No doubt. The OP was about a fixture. I was trying to crunch the numbers using a 12V distribution so I could try to get closer to dereckbc's number of a 19,000% efficiebcy difference.

FWIW, a 100 ft 12 volt run with a 50 W load would probably need about an #8 wire, but that's another story.

 

[mivey]

For those who want the fixtures at the end of the wire (I'll ignore the lamp efficiency difference and the short run of wire at the fixture):

For 12 volt fixture:
Transformer efficiency = 94%
Load resistance = V^2/W = 14400/(50/eff%) = 270.720 ohms
L & N resistance = 0.355 ohms
Total resistance = 271.075 ohms
I = V/R = 120/271.075 = 0.4427 amps
VDrop = 0.4427 * 0.355 = 0.1571 V
Vtransformer = 119.843 V
Pin = V*I = 120 * 0.4427 = 53.122 W
Ptrans = Vlamp*I = 119.843 * 0.4427 = 53.052 W
Pout = Ptrans * transformer efficiency = 53.052*94% = 49.869 W
efficiency = 93.88%

For 120 volt fixture:
Transformer efficiency = 100%
Load resistance = V^2/W = 14400/(50/eff%) = 288.000 ohms
L & N resistance = 0.355 ohms
Total resistance = 288.355 ohms
I = V/R = 120/288.355 = 0.4162 amps
VDrop = 0.4162 * 0.355 = 0.1476 V
Vtransformer = 119.852 V
Pin = V*I = 120 * 0.4162 = 49.938 W
Ptrans = Vlamp*I = 119.852 * 0.4162 = 49.877 W
Pout = Ptrans * transformer efficiency = 49.877*100% = 49.877 W
efficiency = 99.88%

The 120 volt fixture is 6.00% more efficient than the 12 volt fixture.

To get to some real voltage drop, use a 4000 ft circuit to get:
For 120 volt fixture: 4.7% Vdrop, 95.3% efficiency
For 12 volt fixture: 4.98% Vdrop, 89.32% efficiency
The 120 volt fixture is 5.99% more efficient than the 12 volt fixture.


PS: FWIW I had a typo in post #25. In the 120 volt calcs,
"VDrop = 0.4162 * 288.355 = 0.1476 V" should have been
"VDrop = 0.4162 * 0.355 = 0.1476 V"

 

[dereckbc]

The 120 volt circuit is 10.8% more efficient than the 12 volt circuit.

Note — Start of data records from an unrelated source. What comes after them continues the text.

(* For every $k\in\mathbb N^+$, $P_2\le P_k$ (i.e. $P_2$ pp constructs $P_k$).
   Context: $P_k$ is the directed path with vertex set $\{0,\dots,k-1\}$ and edges $(i,i+1)$ for $0\le i<k-1$. A primitive positive formula is $\exists y_1,\dots,y_n(\psi_1\wedge\dots\wedge\psi_m)$ where each $\psi_i$ is $\bot$, $z_1=z_2$, or $E(z_1,z_2)$. For a digraph $H=(V,E)$, a pp power of dimension $d$ is the digraph on $V^d$ with edge set $\{(u,v):\phi(u_1,\dots,u_d,v_1,\dots,v_d)\text{ holds in }H\}$ for a pp formula $\phi$. $H\le G$ means $G$ is homomorphically equivalent (homomorphisms in both directions) to a pp power of $H$. *)

theory Defs
  imports Main
begin

type_synonym 'a digraph = "'a set \<times> ('a \<times> 'a) set"

definition is_digraph :: "'a digraph \<Rightarrow> bool" where
  "is_digraph G \<longleftrightarrow> snd G \<subseteq> fst G \<times> fst G"

definition dpath :: "nat \<Rightarrow> nat digraph" where
  "dpath k = ({0..<k}, {(i, i + 1) | i. i + 1 < k})"

datatype atom = Bot | Eq nat nat | Edge nat nat

text \<open>A pp formula \<exists>y_1..y_n (psi_1 \<and> ... \<and> psi_m): the number n of existentially
  quantified variables and the list of atoms. For a pp power of dimension d, variables
  0..d-1 are u_1..u_d, d..2d-1 are v_1..v_d, and 2d..2d+n-1 are y_1..y_n.\<close>
type_synonym ppf = "nat \<times> atom list"

fun atom_vars :: "atom \<Rightarrow> nat set" where
  "atom_vars Bot = {}"
| "atom_vars (Eq i j) = {i, j}"
| "atom_vars (Edge i j) = {i, j}"

definition pp_wf :: "nat \<Rightarrow> ppf \<Rightarrow> bool" where
  "pp_wf d \<phi> \<longleftrightarrow> (\<forall>a \<in> set (snd \<phi>). \<forall>i \<in> atom_vars a. i < 2 * d + fst \<phi>)"

fun atom_holds :: "'a digraph \<Rightarrow> (nat \<Rightarrow> 'a) \<Rightarrow> atom \<Rightarrow> bool" where
  "atom_holds H s Bot = False"
| "atom_holds H s (Eq i j) = (s i = s j)"
| "atom_holds H s (Edge i j) = ((s i, s j) \<in> snd H)"

definition pp_holds :: "'a digraph \<Rightarrow> ppf \<Rightarrow> 'a list \<Rightarrow> bool" where
  "pp_holds H \<phi> xs \<longleftrightarrow>
     (\<exists>ys. length ys = fst \<phi> \<and> set ys \<subseteq> fst H \<and>
        (\<forall>a \<in> set (snd \<phi>). atom_holds H (\<lambda>i. (xs @ ys) ! i) a))"

definition pp_power :: "'a digraph \<Rightarrow> nat \<Rightarrow> ppf \<Rightarrow> 'a list digraph" where
  "pp_power H d \<phi> =
     ({u. length u = d \<and> set u \<subseteq> fst H},
      {(u, v). length u = d \<and> set u \<subseteq> fst H \<and> length v = d \<and> set v \<subseteq> fst H \<and>
               pp_holds H \<phi> (u @ v)})"

definition is_hom :: "('a \<Rightarrow> 'b) \<Rightarrow> 'a digraph \<Rightarrow> 'b digraph \<Rightarrow> bool" where
  "is_hom f G H \<longleftrightarrow> (\<forall>x \<in> fst G. f x \<in> fst H) \<and>
                    (\<forall>(x, y) \<in> snd G. (f x, f y) \<in> snd H)"

definition hom_equiv :: "'a digraph \<Rightarrow> 'b digraph \<Rightarrow> bool" where
  "hom_equiv G H \<longleftrightarrow> (\<exists>f. is_hom f G H) \<and> (\<exists>g. is_hom g H G)"

text \<open>H \<le> G: G is homomorphically equivalent to a pp power of H.\<close>
definition pp_constructs :: "'a digraph \<Rightarrow> 'b digraph \<Rightarrow> bool" where
  "pp_constructs H G \<longleftrightarrow>
     (\<exists>d \<phi>. d \<ge> 1 \<and> pp_wf d \<phi> \<and> hom_equiv (pp_power H d \<phi>) G)"

end

theory Submission
  imports Defs
begin

text \<open>For k = 1 an unsatisfiable formula yields an edgeless pp power, hom-equivalent to P_1.
  For k = d + 1 \<ge> 2 take the pp power of dimension d defined by
  E(u_d, v_1) \<and> v_2 = u_1 \<and> ... \<and> v_d = u_(d-1). In P_2 its edges are exactly the pairs
  (w @ [0], 1 # w): a 0 is dropped at the end and a 1 is shifted in at the front. The number of
  ones therefore increases by exactly one along each edge, so it is a homomorphism to P_(d+1);
  conversely i \<mapsto> 1^i 0^(d-i) maps P_(d+1) into the pp power.\<close>

definition shift_ppf :: "nat \<Rightarrow> ppf" where
  "shift_ppf d = (0, Edge (d - 1) d # map (\<lambda>i. Eq (d + Suc i) i) [0..<d - 1])"

lemma pp_wf_shift_ppf: "d \<ge> 1 \<Longrightarrow> pp_wf d (shift_ppf d)"
  by (auto simp: pp_wf_def shift_ppf_def)

lemma pp_holds_shift_ppf:
  assumes "length u = d" "length v = d" "d \<ge> 1"
  shows "pp_holds H (shift_ppf d) (u @ v) \<longleftrightarrow> (last u, hd v) \<in> snd H \<and> tl v = butlast u"
proof -
  have "pp_holds H (shift_ppf d) (u @ v) \<longleftrightarrow>
      (u ! (d - 1), v ! 0) \<in> snd H \<and> (\<forall>i < d - 1. v ! Suc i = u ! i)"
    using assms by (auto simp: pp_holds_def shift_ppf_def nth_append)
  moreover have "(\<forall>i < d - 1. v ! Suc i = u ! i) \<longleftrightarrow> tl v = butlast u"
    using assms by (auto simp: list_eq_iff_nth_eq nth_tl nth_butlast)
  moreover have "u \<noteq> []" "v \<noteq> []" using assms by auto
  then have "u ! (d - 1) = last u" "v ! 0 = hd v"
    using assms by (simp_all add: last_conv_nth hd_conv_nth)
  ultimately show ?thesis by simp
qed

lemma edge_pp_power_dpath2_shift_ppf:
  assumes "d \<ge> 1"
  shows "(u, v) \<in> snd (pp_power (dpath 2) d (shift_ppf d)) \<longleftrightarrow>
    (\<exists>w. length w = d - 1 \<and> set w \<subseteq> {0..<2} \<and> u = w @ [0] \<and> v = 1 # w)"
proof
  assume "(u, v) \<in> snd (pp_power (dpath 2) d (shift_ppf d))"
  then have len: "length u = d" "length v = d" and set: "set u \<subseteq> {0..<2}"
    and "pp_holds (dpath 2) (shift_ppf d) (u @ v)"
    by (auto simp: pp_power_def dpath_def)
  then have "last u = 0" "hd v = 1" "tl v = butlast u"
    using assms by (auto simp: pp_holds_shift_ppf dpath_def)
  moreover have "u \<noteq> []" "v \<noteq> []" using len assms by auto
  ultimately have "u = butlast u @ [0]" "v = 1 # butlast u"
    by (metis append_butlast_last_id, metis list.collapse)
  then show "\<exists>w. length w = d - 1 \<and> set w \<subseteq> {0..<2} \<and> u = w @ [0] \<and> v = 1 # w"
    using len set by (intro exI[of _ "butlast u"]) (auto dest: in_set_butlastD)
next
  assume "\<exists>w. length w = d - 1 \<and> set w \<subseteq> {0..<2} \<and> u = w @ [0] \<and> v = 1 # w"
  then obtain w where w: "length w = d - 1" "set w \<subseteq> {0..<2}" "u = w @ [0]" "v = 1 # w"
    by blast
  then have len: "length u = d" "length v = d" using assms by auto
  have "pp_holds (dpath 2) (shift_ppf d) (u @ v)"
    unfolding pp_holds_shift_ppf[OF len assms] by (simp add: w dpath_def)
  with len w show "(u, v) \<in> snd (pp_power (dpath 2) d (shift_ppf d))"
    by (auto simp: pp_power_def dpath_def)
qed

lemma sum_list_le_length: "set xs \<subseteq> {0..<2::nat} \<Longrightarrow> sum_list xs \<le> length xs"
  by (induction xs) auto

lemma is_hom_sum_list_shift_ppf:
  assumes "d \<ge> 1"
  shows "is_hom sum_list (pp_power (dpath 2) d (shift_ppf d)) (dpath (Suc d))"
  unfolding is_hom_def
proof (intro conjI ballI)
  fix u assume "u \<in> fst (pp_power (dpath 2) d (shift_ppf d))"
  then have "length u = d" "set u \<subseteq> {0..<2}" by (auto simp: pp_power_def dpath_def)
  then have "sum_list u \<le> d" using sum_list_le_length by metis
  then show "sum_list u \<in> fst (dpath (Suc d))" by (simp add: dpath_def)
next
  fix e assume e: "e \<in> snd (pp_power (dpath 2) d (shift_ppf d))"
  obtain u v where uv: "e = (u, v)" by fastforce
  with e obtain w where "length w = d - 1" "set w \<subseteq> {0..<2}" "u = w @ [0]" "v = 1 # w"
    using edge_pp_power_dpath2_shift_ppf[OF assms] by blast
  moreover from calculation have "sum_list w \<le> d - 1" using sum_list_le_length by metis
  ultimately show "case e of (u, v) \<Rightarrow> (sum_list u, sum_list v) \<in> snd (dpath (Suc d))"
    using uv assms by (auto simp: dpath_def)
qed

lemma is_hom_unary_shift_ppf:
  "is_hom (\<lambda>i. replicate i 1 @ replicate (d - i) 0) (dpath (Suc d)) (pp_power (dpath 2) d (shift_ppf d))"
  unfolding is_hom_def
proof (intro conjI ballI)
  fix i assume "i \<in> fst (dpath (Suc d))"
  then show "replicate i 1 @ replicate (d - i) 0 \<in> fst (pp_power (dpath 2) d (shift_ppf d))"
    by (auto simp: dpath_def pp_power_def)
next
  fix e assume "e \<in> snd (dpath (Suc d))"
  then obtain i where e: "e = (i, i + 1)" and "i < d" by (auto simp: dpath_def)
  define w :: "nat list" where "w = replicate i 1 @ replicate (d - Suc i) 0"
  have "replicate i 1 @ replicate (d - i) 0 = w @ [0]"
    using \<open>i < d\<close> by (simp add: w_def replicate_app_Cons_same Suc_diff_Suc flip: replicate_Suc)
  moreover have "replicate (i + 1) 1 @ replicate (d - (i + 1)) 0 = 1 # w"
    by (simp add: w_def)
  moreover have "length w = d - 1" "set w \<subseteq> {0..<2}"
    using \<open>i < d\<close> by (auto simp: w_def)
  ultimately have "(replicate i 1 @ replicate (d - i) 0, replicate (i + 1) 1 @ replicate (d - (i + 1)) 0)
      \<in> snd (pp_power (dpath 2) d (shift_ppf d))"
    using \<open>i < d\<close> by (subst edge_pp_power_dpath2_shift_ppf) auto
  with e show "case e of (i, j) \<Rightarrow>
      (replicate i 1 @ replicate (d - i) 0, replicate j 1 @ replicate (d - j) 0)
        \<in> snd (pp_power (dpath 2) d (shift_ppf d))"
    by simp
qed

lemma hom_equiv_edgeless:
  assumes "fst G \<noteq> {}" "fst H \<noteq> {}" "snd G = {}" "snd H = {}"
  shows "hom_equiv G H"
proof -
  obtain x y where "x \<in> fst G" "y \<in> fst H" using assms by blast
  then have "is_hom (\<lambda>_. y) G H" "is_hom (\<lambda>_. x) H G"
    using assms by (auto simp: is_hom_def)
  then show ?thesis unfolding hom_equiv_def by blast
qed

theorem mainTheorem5:
  fixes k :: nat
  assumes "k \<ge> 1"
  shows "pp_constructs (dpath 2) (dpath k)"
proof (cases "k = 1")
  case True
  have "[0] \<in> fst (pp_power (dpath 2) 1 (0, [Bot]))" "0 \<in> fst (dpath k)"
    by (auto simp: pp_power_def dpath_def True)
  moreover have "snd (pp_power (dpath 2) 1 (0, [Bot])) = {}" "snd (dpath k) = {}"
    by (auto simp: pp_power_def pp_holds_def dpath_def True)
  ultimately have "hom_equiv (pp_power (dpath 2) 1 (0, [Bot])) (dpath k)"
    by (intro hom_equiv_edgeless) auto
  moreover have "pp_wf 1 (0, [Bot])" by (simp add: pp_wf_def)
  ultimately show ?thesis unfolding pp_constructs_def by blast
next
  case False
  with assms obtain d where d: "d \<ge> 1" "k = Suc d" by (cases k) auto
  have "hom_equiv (pp_power (dpath 2) d (shift_ppf d)) (dpath k)"
    using is_hom_sum_list_shift_ppf[OF d(1)] is_hom_unary_shift_ppf
    unfolding hom_equiv_def d(2) by blast
  with d pp_wf_shift_ppf show ?thesis unfolding pp_constructs_def by blast
qed

end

If the length is limited to 43 ft, the volt drop for the 12 volt circuit is only about 5% and is only 4.98% less efficient than the 120 volt circuit.

I am looking at it differently than you are. Compare the power IIR losses on the wire.

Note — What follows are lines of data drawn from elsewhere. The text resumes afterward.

(* For $\tau$ in the upper half-plane, the functions $x=v^2(\tau)$ and $y=v^2(2\tau)$ satisfy $y^2-(x^2-4x+1)y+x^2=0$.
   Context: $q=e^{2\pi i\tau}$, $q^{1/2}=e^{\pi i\tau}$, and $v(\tau)=q^{1/2}\prod_{n\ge1}(1-q^n)^{\left(\frac{8}{n}\right)}$, where $\left(\frac{8}{n}\right)$ is the Kronecker symbol. *)

theory Defs
  imports "HOL-Analysis.Analysis"
begin

definition kronecker8 :: "nat \<Rightarrow> int" where
  "kronecker8 n = (if n mod 8 = 1 \<or> n mod 8 = 7 then 1
                   else if n mod 8 = 3 \<or> n mod 8 = 5 then -1 else 0)"

text \<open>q = exp(2 pi i tau), q^(1/2) = exp(pi i tau).\<close>
definition nome :: "complex \<Rightarrow> complex" where
  "nome \<tau> = exp (2 * pi * \<i> * \<tau>)"

definition v_fun :: "complex \<Rightarrow> complex" where
  "v_fun \<tau> = exp (pi * \<i> * \<tau>) *
     (\<Prod>n. (1 - nome \<tau> ^ Suc n) powi kronecker8 (Suc n))"

end

theory Submission
  imports Defs "HOL-Computational_Algebra.Polynomial"
begin

text \<open>Write \<open>P(q) = \<Prod>(1 - q\<^sup>n)\<^bsup>(8/n)\<^esup>\<close>, so that \<open>v(\<tau>)\<^sup>2 = q P(q)\<^sup>2\<close> and, because
  \<open>(8/n)\<close> vanishes for even \<open>n\<close>, \<open>v(2\<tau>)\<^sup>2 = q\<^sup>2 P(q)\<^sup>2 P(-q)\<^sup>2\<close>.
  By the Jacobi triple product, \<open>P = \<theta>\<^sub>3 / \<theta>\<^sub>1\<close> with
  \<open>\<theta>\<^sub>b(q) = \<Sum>\<^sub>j (-1)\<^sup>j q\<^bsup>4j\<^sup>2 - bj\<^esup>\<close>, and also
  \<open>\<theta>'(q) \<phi>(q\<^sup>8)\<^sup>2 = \<theta>\<^sub>3(q) \<theta>\<^sub>1(q) \<phi>(q\<^sup>4)\<close> for \<open>\<theta>'(q) = \<Sum>\<^sub>j (-1)\<^sup>j q\<^bsup>2j\<^sup>2 - j\<^esup>\<close> and
  Euler's function \<open>\<phi>\<close>. Rearranging a product of two theta series gives
  \<open>\<theta>\<^sub>1\<^sup>2 - q \<theta>\<^sub>3\<^sup>2 = \<theta>' \<Sum>\<^sub>j q\<^bsup>2j\<^sup>2\<^esup>\<close>. Together,
  \<open>1/P(q) - q P(q) = \<Sum>\<^sub>j q\<^bsup>2j\<^sup>2\<^esup> \<phi>(q\<^sup>4) / \<phi>(q\<^sup>8)\<^sup>2\<close> is even in \<open>q\<close>, hence equals
  \<open>1/P(-q) + q P(-q)\<close>; this relation between \<open>P(q)\<close> and \<open>P(-q)\<close> is a factor of the
  modular equation.\<close>

text \<open>Both \<^theory>\<open>HOL-Analysis.Infinite_Sum\<close> and \<^theory>\<open>HOL-Analysis.Infinite_Set_Sum\<close>
  declare this syntax; the series below are \<^const>\<open>infsetsum\<close>s.\<close>
no_notation Infinite_Sum.abs_summable_on (infixr "abs'_summable'_on" 46)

12 volt power burned up on the wire is 4.885 watts
120 volt is .0615 watts

(4.885/.0615) x 100 = 7,943 % difference. OK I missed calculation earlier because I did not include the voltage divider effect of the wire resistance.

The point I am trying to make is you drop a lot less power on the conductors as the voltage goes higher. That is why POCO's use such high voltages. Every time you double the voltage, you get a 400% increase in efficiency given the same size length and diameter of wire.